• [THE PROBLEM]: Return only that part of the material below which starts with the line containing "using scaled_marginal_pos_near_zero[of a" and goes on through the line containing "using \<open>scaled_marginal a", restated exactly.

• [MATERIAL FOR THIS EXERCISE]:
lemma scaled_marginal_root_exists:
  assumes "0 < a" "0 \<le> s" "s < w" "w < 1" "F w = 0"
  shows "\<exists>y\<in>{0<..<w - s}. scaled_marginal a s y = 0"
proof -
  define L where "L = w - s"
  have "L > 0" "L + s = w"
    using assms by (auto simp: L_def)
  have "F (L / 2 + s) > 0"
    using decreasing[of "L / 2 + s" w] assms \<open>L > 0\<close> \<open>L + s = w\<close> by auto
  then obtain e where e: "0 < e" "e \<le> L / 2" "scaled_marginal a s e > 0"
    using scaled_marginal_pos_near_zero[of a s "L / 2"] assms \<open>L > 0\<close> \<open>L + s = w\<close> by auto
  have "scaled_marginal a s L < 0"
    using deriv_neg[of w] assms \<open>L > 0\<close> \<open>L + s = w\<close>
    by (simp add: scaled_marginal_def mult_pos_neg)
  moreover have "continuous_on {e..L} (scaled_marginal a s)"
  proof (intro continuous_at_imp_continuous_on ballI)
    fix t
    assume "t \<in> {e..L}"
    then have "t + s \<in> {0<..<1}"
      using e assms \<open>L + s = w\<close> by auto
    then show "isCont (scaled_marginal a s) t"
      using DERIV_isCont[OF scaled_marginal_has_deriv] by blast
  qed
  ultimately obtain y where "e \<le> y" "y \<le> L" "scaled_marginal a s y = 0"
    using IVT2'[of "scaled_marginal a s" L 0 e] e \<open>L > 0\<close> by auto
  moreover have "y \<noteq> L"
    using \<open>scaled_marginal a s L < 0\<close> \<open>scaled_marginal a s y = 0\<close> by auto
  ultimately show ?thesis
    using e by (auto simp: L_def)
qed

• [EXERCISE SOLUTION]:
    using scaled_marginal_pos_near_zero[of a s "L / 2"] assms \<open>L > 0\<close> \<open>L + s = w\<close> by auto
  have "scaled_marginal a s L < 0"
    using deriv_neg[of w] assms \<open>L > 0\<close> \<open>L + s = w\<close>
    by (simp add: scaled_marginal_def mult_pos_neg)
  moreover have "continuous_on {e..L} (scaled_marginal a s)"
  proof (intro continuous_at_imp_continuous_on ballI)
    fix t
    assume "t \<in> {e..L}"
    then have "t + s \<in> {0<..<1}"
      using e assms \<open>L + s = w\<close> by auto
    then show "isCont (scaled_marginal a s) t"
      using DERIV_isCont[OF scaled_marginal_has_deriv] by blast
  qed
  ultimately obtain y where "e \<le> y" "y \<le> L" "scaled_marginal a s y = 0"
    using IVT2'[of "scaled_marginal a s" L 0 e] e \<open>L > 0\<close> by auto
  moreover have "y \<noteq> L"
    using \<open>scaled_marginal a s L < 0\<close> \<open>scaled_marginal a s y = 0\<close> by auto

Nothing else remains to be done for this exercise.